Chalsea Manning's gender is a good example: "female" and "trans woman" are both marked as "preferred" - both views are popular and well founded, and should be presented side by side (they don't contradict each other either, but that's not the point here, they might as well). "male" is left with the "normal" rank, since it used to be true, but no longer is. This is further specified with the "end date" qualifier, telling us that Manning used to be male until August 22 2013. For queries and infoboxes, this should be enough information. For scientific or political analysis, you'll of course have to dig deeper.
Wikidata is designed to be flexible and useful, it's founded on the idea that knowledge is intrinsically imprecise, incomplete, and context dependant. Wikidata doesn't claim to represent "the truth" accurately - it just tries to represent other people's statements about the world in a useful and neutral way. Just like Wikipedia. -- Daniel Kinzler (WMDE) (talk) 13:28, 13 December 2015 (UTC)[reply]
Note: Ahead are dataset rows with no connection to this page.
(* Let $N$ and $M$ be sub-sound WF nets with disjoint node sets and let $n$ be a node of $N$ such that either $n$ is a place and $M$ is a pWF net, or $n$ is a transition and $M$ is a tWF net. Then $N\otimes_n M$ is a sub-sound WF net.
   Context: Petri nets and markings. A Petri net is a triple $(P,T,F)$ with $P$ a finite set of places, $T$ a finite set of transitions, $P\cap T=\emptyset$, and $F\subseteq (P\times T)\cup(T\times P)$. For a node $x$, $\bullet x=\{y\mid (y,x)\in F\}$, $x\bullet=\{y\mid (x,y)\in F\}$. A marking is a multiset over $P$ (a function $P\to\mathbb N$); sets of places are identified with bags of multiplicity one, $+,-,\le$ are pointwise, and $k.m$ is the sum of $k$ copies of $m$. Transition $t$ is enabled at $m$ iff $\bullet t\le m$, firing gives $m-\bullet t+t\bullet$, and $m\xrightarrow{*}m'$ denotes reachability by a finite (possibly empty) firing sequence. Workflow nets. A pWF net is $(P,T,F,I,O)$ with $(P,T,F)$ a Petri net, $I,O\subseteq P$ non-empty, every node reachable by a directed path from some node of $I$, and some node of $O$ reachable from every node. A tWF net is the same with $I,O$ non-empty subsets of $T$. Input nodes may have incoming edges and output nodes outgoing edges. A WF net is a pWF or tWF net. The place-completion $\mathrm{pc}(N)$ of a tWF net $N=(P,T,F,I,O)$ is obtained by adding two fresh places $p_i,p_o$ with edges $(p_i,t)$ for all $t\in I$ and $(t,p_o)$ for all $t\in O$, and taking input set $\{p_i\}$ and output set $\{p_o\}$. Sub-soundness. A pWF net is sub-sound if for all integers $k\ge k'\ge 0$ and every marking $m'$: if $k.I\xrightarrow{*}m'+k'.O$ then $m'\xrightarrow{*}(k-k').O$. A tWF net is sub-sound iff its place-completion is. Substitution. Let $N=(P,T,F,I,O)$ and $M=(P',T',F',I',O')$ be WF nets with disjoint node sets. If $p\in P$ and $M$ is a pWF net, $N\otimes_p M$ is obtained from $N$ by deleting $p$ and all edges incident to $p$, adding all nodes and edges of $M$, adding an edge $(t,p')$ for each $t\in\bullet_N p$ and each $p'\in I'$, and an edge $(p',t)$ for each $p'\in O'$ and each $t\in p\bullet_N$; its input set is $(I\setminus\{p\})\cup I'$ if $p\in I$ and $I$ otherwise, and its output set is $(O\setminus\{p\})\cup O'$ if $p\in O$ and $O$ otherwise. If $t\in T$ and $M$ is a tWF net, $N\otimes_t M$ is defined analogously: delete $t$ and its edges, add $M$, add $(q,t')$ for each $q\in\bullet_N t$, $t'\in I'$, and $(t',q)$ for each $t'\in O'$, $q\in t\bullet_N$, with input/output sets updated in the same way. *)

theory Defs
  imports "HOL-Library.Multiset"
begin
(* Let $\alpha,\beta\in\mathbb{R}^n_{>}$. Then $\alpha$-GSP has an efficient ex-post equilibrium on type space $\Theta^\beta$ if and only if $n\le 2$ or $k\le 1$; this holds even if $\alpha=\beta$.
   Context: Sponsored search setting: agents $N=\{1,\dots,n\}$, slots $1,\dots,k$ with $k\le n$; an outcome assigns agents to distinct positions, position $j\le k$ meaning slot $j$, others getting nothing (value 0); utilities quasilinear. $\mathbb{R}^n_{>}$: vectors $\alpha$ with $1=\alpha_1>\dots>\alpha_k>0$ and $\alpha_j=0$ for $j>k$. $\Theta^\beta$: type profiles in which each agent $i$ has a value $v_i(\theta_i)\ge0$ (all nonnegative values possible) and values slot $j$ at $\beta_j v_i(\theta_i)$. $\alpha$-GSP: each agent submits $b_i\ge0$ (bid $\alpha_j b_i$ on slot $j$ in GSP); agents are ranked by $b_i$ (ties arbitrary), the rank-$j$ agent ($j\le k$) gets slot $j$ and pays $\alpha_j$ times the $(j+1)$-st highest submitted value ($0$ if none). Incomplete information: a strategy of agent $i$ is a function $s_i$ from its types to submissions $b_i\ge0$. A strategy profile $s$ is an ex-post equilibrium on $\Theta^\beta$ if for every $\theta\in\Theta^\beta$ and every agent $i$, no other submission gives $i$ strictly higher utility against $s_{-i}(\theta_{-i})$; it is efficient if for every $\theta\in\Theta^\beta$ the resulting assignment maximizes total true value. *)

theory Defs
  imports Main "HOL.Real"
begin

text \<open>Agents are 1..n, slots are 1..k, positions are 1..n (position j \<le> k is slot j).
  Vectors in R^n are functions nat \<Rightarrow> real, read on indices 1..n.\<close>

definition decr_vec :: "nat \<Rightarrow> nat \<Rightarrow> (nat \<Rightarrow> real) \<Rightarrow> bool" where
  "decr_vec n k a \<longleftrightarrow> a 1 = 1 \<and> (\<forall>j. 1 \<le> j \<and> j < k \<longrightarrow> a (Suc j) < a j) \<and> 0 < a k
      \<and> (\<forall>j. k < j \<and> j \<le> n \<longrightarrow> a j = 0)"

text \<open>A (deterministic) tie-breaking rule: maps each bid profile to a ranking of the agents
  (rank r = position r), consistent with the bids and depending only on the bids of agents 1..n.\<close>
definition valid_ranking_rule :: "nat \<Rightarrow> ((nat \<Rightarrow> real) \<Rightarrow> nat \<Rightarrow> nat) \<Rightarrow> bool" where
  "valid_ranking_rule n rk \<longleftrightarrow>
     (\<forall>b. bij_betw (rk b) {1..n} {1..n}) \<and>
     (\<forall>b i j. i \<in> {1..n} \<and> j \<in> {1..n} \<and> b j < b i \<longrightarrow> rk b i < rk b j) \<and>
     (\<forall>b b'. (\<forall>i\<in>{1..n}. b i = b' i) \<longrightarrow> (\<forall>i\<in>{1..n}. rk b i = rk b' i))"

definition jth_highest :: "nat \<Rightarrow> (nat \<Rightarrow> real) \<Rightarrow> nat \<Rightarrow> real" where
  "jth_highest n b j = (if 1 \<le> j \<and> j \<le> n then rev (sort (map b [1..<Suc n])) ! (j - 1) else 0)"

definition gsp_utility :: "nat \<Rightarrow> nat \<Rightarrow> (nat \<Rightarrow> real) \<Rightarrow> (nat \<Rightarrow> real)
    \<Rightarrow> ((nat \<Rightarrow> real) \<Rightarrow> nat \<Rightarrow> nat) \<Rightarrow> (nat \<Rightarrow> real) \<Rightarrow> nat \<Rightarrow> real \<Rightarrow> real" where
  "gsp_utility n k \<alpha> \<beta> rk b i x =
     (let r = rk b i in if r \<le> k then \<beta> r * x - \<alpha> r * jth_highest n b (Suc r) else 0)"

definition welfare :: "nat \<Rightarrow> nat \<Rightarrow> (nat \<Rightarrow> real) \<Rightarrow> (nat \<Rightarrow> nat) \<Rightarrow> (nat \<Rightarrow> real) \<Rightarrow> real" where
  "welfare n k \<beta> \<pi> v = (\<Sum>i\<in>{1..n}. if \<pi> i \<le> k then \<beta> (\<pi> i) * v i else 0)"

text \<open>Type profiles in Theta^beta are identified with value profiles v (v i \<ge> 0).\<close>
definition type_profile :: "nat \<Rightarrow> (nat \<Rightarrow> real) \<Rightarrow> bool" where
  "type_profile n v \<longleftrightarrow> (\<forall>i\<in>{1..n}. 0 \<le> v i)"

definition strategy_profile :: "nat \<Rightarrow> (nat \<Rightarrow> real \<Rightarrow> real) \<Rightarrow> bool" where
  "strategy_profile n s \<longleftrightarrow> (\<forall>i\<in>{1..n}. \<forall>x. 0 \<le> x \<longrightarrow> 0 \<le> s i x)"

definition bids :: "(nat \<Rightarrow> real \<Rightarrow> real) \<Rightarrow> (nat \<Rightarrow> real) \<Rightarrow> nat \<Rightarrow> real" where
  "bids s v = (\<lambda>j. s j (v j))"

definition ex_post_equilibrium :: "nat \<Rightarrow> nat \<Rightarrow> (nat \<Rightarrow> real) \<Rightarrow> (nat \<Rightarrow> real)
    \<Rightarrow> ((nat \<Rightarrow> real) \<Rightarrow> nat \<Rightarrow> nat) \<Rightarrow> (nat \<Rightarrow> real \<Rightarrow> real) \<Rightarrow> bool" where
  "ex_post_equilibrium n k \<alpha> \<beta> rk s \<longleftrightarrow>
     (\<forall>v. type_profile n v \<longrightarrow> (\<forall>i\<in>{1..n}. \<forall>b'. 0 \<le> b' \<longrightarrow>
        gsp_utility n k \<alpha> \<beta> rk ((bids s v)(i := b')) i (v i)
          \<le> gsp_utility n k \<alpha> \<beta> rk (bids s v) i (v i)))"

definition efficient :: "nat \<Rightarrow> nat \<Rightarrow> (nat \<Rightarrow> real)
    \<Rightarrow> ((nat \<Rightarrow> real) \<Rightarrow> nat \<Rightarrow> nat) \<Rightarrow> (nat \<Rightarrow> real \<Rightarrow> real) \<Rightarrow> bool" where
  "efficient n k \<beta> rk s \<longleftrightarrow>
     (\<forall>v. type_profile n v \<longrightarrow> (\<forall>\<pi>. bij_betw \<pi> {1..n} {1..n} \<longrightarrow>
        welfare n k \<beta> \<pi> v \<le> welfare n k \<beta> (rk (bids s v)) v))"

end

theory Submission
  imports Defs "HOL-Library.Multiset" "HOL-Combinatorics.Transposition"
begin

text \<open>If k \<ge> 2 and n \<ge> 3, efficiency forces the agents p and q with the two highest values into
  slots 1 and 2. The runner-up q must not gain by jumping to slot 1, paying p's bid, and p must
  not gain by dropping to slot 2, which it can do whenever q outbids all other agents. Together
  these pin p's bid at value x down to (1 - \<beta> 2) x + \<alpha> 2 M, up to an error that vanishes as
  the value of q tends to x, where M is the highest bid among the remaining agents.
  But M depends on the values of these agents while the winner's bid does not, and M really does
  vary, because the lower bound makes every agent's bid unbounded in its value.

  For k = 1 the mechanism is the second-price auction, where truthful bidding is an efficient
  ex-post equilibrium; for n = k = 2 so is bidding (1 - \<beta> 2) times the value, which makes the
  winner pay exactly the loser's indifference price between the two slots.\<close>

lemma decr_vec_strict_mono:
  assumes "decr_vec n k a" "1 \<le> p" "p < q" "q \<le> k"
  shows "a q < a p"
  using assms(3,4)
proof (induction q)
  case (Suc q)
  then have "a (Suc q) < a q" using assms(1,2) unfolding decr_vec_def by auto
  with Suc show ?case by (cases "p = q") auto
qed simp

lemma decr_vec_one: "decr_vec n k a \<Longrightarrow> a 1 = 1"
  unfolding decr_vec_def by simp

lemma decr_vec_pos:
  assumes "decr_vec n k a" "1 \<le> p" "p \<le> k"
  shows "0 < a p"
  using assms decr_vec_strict_mono[OF assms(1,2), of k] unfolding decr_vec_def
  by (cases "p = k") auto

context
  fixes n :: nat and rk :: "(nat \<Rightarrow> real) \<Rightarrow> nat \<Rightarrow> nat"
  assumes rk: "valid_ranking_rule n rk"
begin

lemma rank_bij: "bij_betw (rk b) {1..n} {1..n}"
  using conjunct1[OF rk[unfolded valid_ranking_rule_def]] by blast

lemma rank_in_range: "i \<in> {1..n} \<Longrightarrow> rk b i \<in> {1..n}"
  using bij_betw_apply[OF rank_bij] .

lemma rank_inj: "i \<in> {1..n} \<Longrightarrow> j \<in> {1..n} \<Longrightarrow> rk b i = rk b j \<Longrightarrow> i = j"
  using inj_onD[OF bij_betw_imp_inj_on[OF rank_bij]] by blast

lemma rank_surj:
  assumes "r \<in> {1..n}"
  obtains i where "i \<in> {1..n}" "rk b i = r"
proof -
  have "r \<in> rk b ` {1..n}" using assms bij_betw_imp_surj_on[OF rank_bij] by simp
  then show ?thesis using that by blast
qed

lemma rank_less_if_bid_greater:
  "i \<in> {1..n} \<Longrightarrow> j \<in> {1..n} \<Longrightarrow> b j < b i \<Longrightarrow> rk b i < rk b j"
  using conjunct1[OF conjunct2[OF rk[unfolded valid_ranking_rule_def]]] by blast

lemma bid_le_if_rank_le:
  "i \<in> {1..n} \<Longrightarrow> d \<in> {1..n} \<Longrightarrow> rk b i \<le> rk b d \<Longrightarrow> b d \<le> b i"
  using rank_less_if_bid_greater[of d i b] by linarith

lemma rank_eq_Suc_card_higher:
  assumes i: "i \<in> {1..n}" and distinct: "\<forall>d\<in>{1..n} - {i}. b d \<noteq> b i"
  shows "rk b i = Suc (card {d\<in>{1..n}. b i < b d})"
proof -
  define H where "H = {d\<in>{1..n}. b i < b d}"
  define L where "L = {d\<in>{1..n}. b d < b i}"
  have sub: "H \<subseteq> {1..n}" "L \<subseteq> {1..n}" by (auto simp: H_def L_def)
  have inj: "inj_on (rk b) A" if "A \<subseteq> {1..n}" for A
    using inj_on_subset[OF bij_betw_imp_inj_on[OF rank_bij] that] .
  have "rk b ` H \<subseteq> {1..<rk b i}"
    using rank_less_if_bid_greater[OF _ i] rank_in_range by (auto simp: H_def)
  from card_inj_on_le[OF inj[OF sub(1)] this] have H_le: "card H \<le> rk b i - 1"
    by simp
  have "rk b ` L \<subseteq> {rk b i<..n}"
    using rank_less_if_bid_greater[OF i] rank_in_range by (auto simp: L_def)
  from card_inj_on_le[OF inj[OF sub(2)] this] have L_le: "card L \<le> n - rk b i"
    by simp
  have "d \<in> H \<union> L" if "d \<in> {1..n} - {i}" for d
  proof -
    have "b d \<noteq> b i" using distinct that by blast
    then have "b i < b d \<or> b d < b i" by linarith
    then show ?thesis using that unfolding H_def L_def by blast
  qed
  then have "{1..n} = insert i (H \<union> L)" using i sub by blast
  then have "n = card (insert i (H \<union> L))" by (metis card_atLeastAtMost diff_Suc_1)
  also have "\<dots> = Suc (card H + card L)"
  proof -
    have "finite H" "finite L" using sub finite_subset by auto
    moreover have "H \<inter> L = {}" "i \<notin> H \<union> L" by (auto simp: H_def L_def)
    ultimately show ?thesis by (simp add: card_Un_disjoint)
  qed
  finally show ?thesis using H_le L_le rank_in_range[OF i, of b] unfolding H_def[symmetric] by auto
qed

lemma jth_highest_rank:
  assumes i: "i \<in> {1..n}"
  shows "jth_highest n b (rk b i) = b i"
proof -
  \<comment> \<open>Listing the bids in rank order yields the bid list sorted decreasingly.\<close>
  define \<sigma> where "\<sigma> = inv_into {1..n} (rk b)"
  define L where "L = map (b \<circ> \<sigma>) [1..<Suc n]"
  have \<sigma>: "bij_betw \<sigma> {1..n} {1..n}"
    unfolding \<sigma>_def by (rule bij_betw_inv_into[OF rank_bij])
  have rank_\<sigma>: "rk b (\<sigma> r) = r" if "r \<in> {1..n}" for r
    using that bij_betw_imp_surj_on[OF rank_bij] unfolding \<sigma>_def by (simp add: f_inv_into_f)
  have "mset (map \<sigma> [1..<Suc n]) = mset [1..<Suc n]"
    using \<sigma> by (subst set_eq_iff_mset_eq_distinct[symmetric])
      (simp_all add: distinct_map bij_betw_def atLeastLessThanSuc_atLeastAtMost del: upt_Suc)
  then have "mset (rev L) = mset (map b [1..<Suc n])"
    unfolding L_def by (metis map_map mset_map mset_rev)
  moreover have "sorted (rev L)"
    unfolding sorted_rev_iff_nth_mono
  proof (intro allI impI)
    fix j j' assume jj': "j \<le> j'" "j' < length L"
    then have "Suc j \<in> {1..n}" "Suc j' \<in> {1..n}" by (simp_all add: L_def del: upt_Suc)
    then show "L ! j' \<le> L ! j"
      using bid_le_if_rank_le[of "\<sigma> (Suc j)" "\<sigma> (Suc j')" b] rank_\<sigma> bij_betw_apply[OF \<sigma>] jj'
      by (simp add: L_def del: upt_Suc)
  qed
  ultimately have sorted_bids: "rev (sort (map b [1..<Suc n])) = L"
    using properties_for_sort by (metis rev_rev_ident)
  have r: "rk b i \<in> {1..n}" using rank_in_range[OF i] .
  then have "jth_highest n b (rk b i) = L ! (rk b i - 1)"
    unfolding jth_highest_def sorted_bids by simp
  also have "\<dots> = b (\<sigma> (rk b i))"
    using r by (cases "rk b i") (simp_all add: L_def del: upt_Suc)
  also have "\<sigma> (rk b i) = i"
    unfolding \<sigma>_def using inv_into_f_f[OF bij_betw_imp_inj_on[OF rank_bij] i] .
  finally show ?thesis .
qed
"Preferred, normal and deprecated." Boy, can I imagine some edit wars around that. "Jerusalem = Capital of Israel"? "Preferred." "Jerusalem = Capital of Palestine"? "Deprecated." (This is not a description of the current (protected) Wikidata entry on Jerusalem, in which both statements presently have "normal" ranking.) It would be better to list the best-quality sources for each of several conflicting statements, make sure that re-users display those sources, and allow readers to decide for themselves which sources they want to trust.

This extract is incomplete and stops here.